If you are unfamiliar with swarm/kubernetes and are a developer and want a quick intro into how powerful and easy swarm can be, check out my command notes. In a day I was scaling clusters up and down on my own infrastructure with single commands.
The power Roo gives you is to add HTTPS://example1.com and HTTPS://example2.com to your clustered services with zero configuration. Let's encrypt allocates your service's certificates. It works across every machine, docker node, service, in your cluster.
Roo itself is clustered. Every machine it runs on shares the load to your services. It's distributed store shares certificates from Letsencrypt used across all your nodes.
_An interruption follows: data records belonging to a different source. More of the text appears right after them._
text \<open>If \<open>\<phi>\<close> is admissible, then so is \<open>max \<phi> \<Phi>\<close>: it is negative plurisubharmonic, and since
  \<open>\<phi> \<ge> \<Phi> - C\<close> near each \<open>z i\<close>, its weight is bounded by \<open>e\<^sup>2\<^sup>C\<close> times that of \<open>\<phi>\<close> there, so
  non-integrability is inherited. As \<open>max \<phi> \<Phi> \<ge> \<Phi>\<close>, maximality of the Zhou weight forces
  \<open>max \<phi> \<Phi> = \<Phi>\<close>, i.e. \<open>\<phi> \<le> \<Phi>\<close>; and \<open>\<Phi>\<close> itself is admissible, so the supremum is attained.\<close>

text \<open>No measurability of \<open>f\<close> is needed, in contrast to \<open>nn_integral_cmult\<close>.\<close>
lemma nn_integral_cmult_le:
  fixes c :: ennreal
  assumes c: "c \<noteq> \<infinity>"
  shows "(\<integral>\<^sup>+ x. c * f x \<partial>M) \<le> c * (\<integral>\<^sup>+ x. f x \<partial>M)"
proof (cases "c = 0")
  case True
  then show ?thesis by simp
next
  case False
  show ?thesis
    unfolding nn_integral_def
  proof (rule SUP_least)
    fix g assume g: "g \<in> {g. simple_function M g \<and> g \<le> (\<lambda>x. c * f x)}"
    define h where "h = (\<lambda>x. g x / c)"
    have cc: "c / c = 1"
      using False c by (simp add: ennreal_divide_self top.not_eq_extremum)
    have gh: "g = (\<lambda>x. c * h x)"
      unfolding h_def
      by (simp add: ennreal_times_divide[symmetric] mult.commute[of c] ennreal_divide_times cc)
    have h_simple: "simple_function M h"
      unfolding h_def using g by (auto intro: simple_function_compose1[where g="\<lambda>y. y / c"])
    have h_le: "h \<le> f"
      unfolding h_def le_fun_def
    proof
      fix x
      have "g x \<le> c * f x" using g by (auto simp: le_fun_def)
      then have "g x / c \<le> (f x * c) / c" by (simp add: divide_right_mono_ennreal mult.commute)
      also have "\<dots> = f x" using False c by (simp add: ennreal_mult_divide_eq)
      finally show "g x / c \<le> f x" .
    qed
    have "integral\<^sup>S M g = c * integral\<^sup>S M h" using gh h_simple by simp
    also have "\<dots> \<le> c * (SUP g \<in> {g. simple_function M g \<and> g \<le> f}. integral\<^sup>S M g)"
      by (intro mult_left_mono SUP_upper) (use h_simple h_le in auto)
    finally show "integral\<^sup>S M g \<le> c * (SUP g \<in> {g. simple_function M g \<and> g \<le> f}. integral\<^sup>S M g)" .
  qed
qed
Now apple is denying certificates older than a year, I feel as a dev, that lets encrypt is almost mandatory as it creates a lot of admin.
- Create the default network, for example:
docker network create -d overlay --attachable forenet --subnet 192.168.9.0/24
- Add label to the nodes you want to run it on (load_balancer describes the label for roo to attach to):
docker node update --label-add load_balancer=true docker1-prod
- You'll need to run roo on at least one manager node if you want docker services to auto-sync with Let's Encrypt. Don't worry though as this is not a security issue like in other platforms (like Traefik) as the manager node need not be publicly accessible.
- Run the docker-comopose file on swarm (WARNING: LetsEncrypt hates load, so update the
ROO_ACME_STAGING=true
if you plan to muck about):
# docker stack deploy -c roo-docker-compose.yml roo
- Notice the roo images are available at dockerhub sfproductlabs/roo:latest. I don't use the Github repository service as it requires a key to just get the image.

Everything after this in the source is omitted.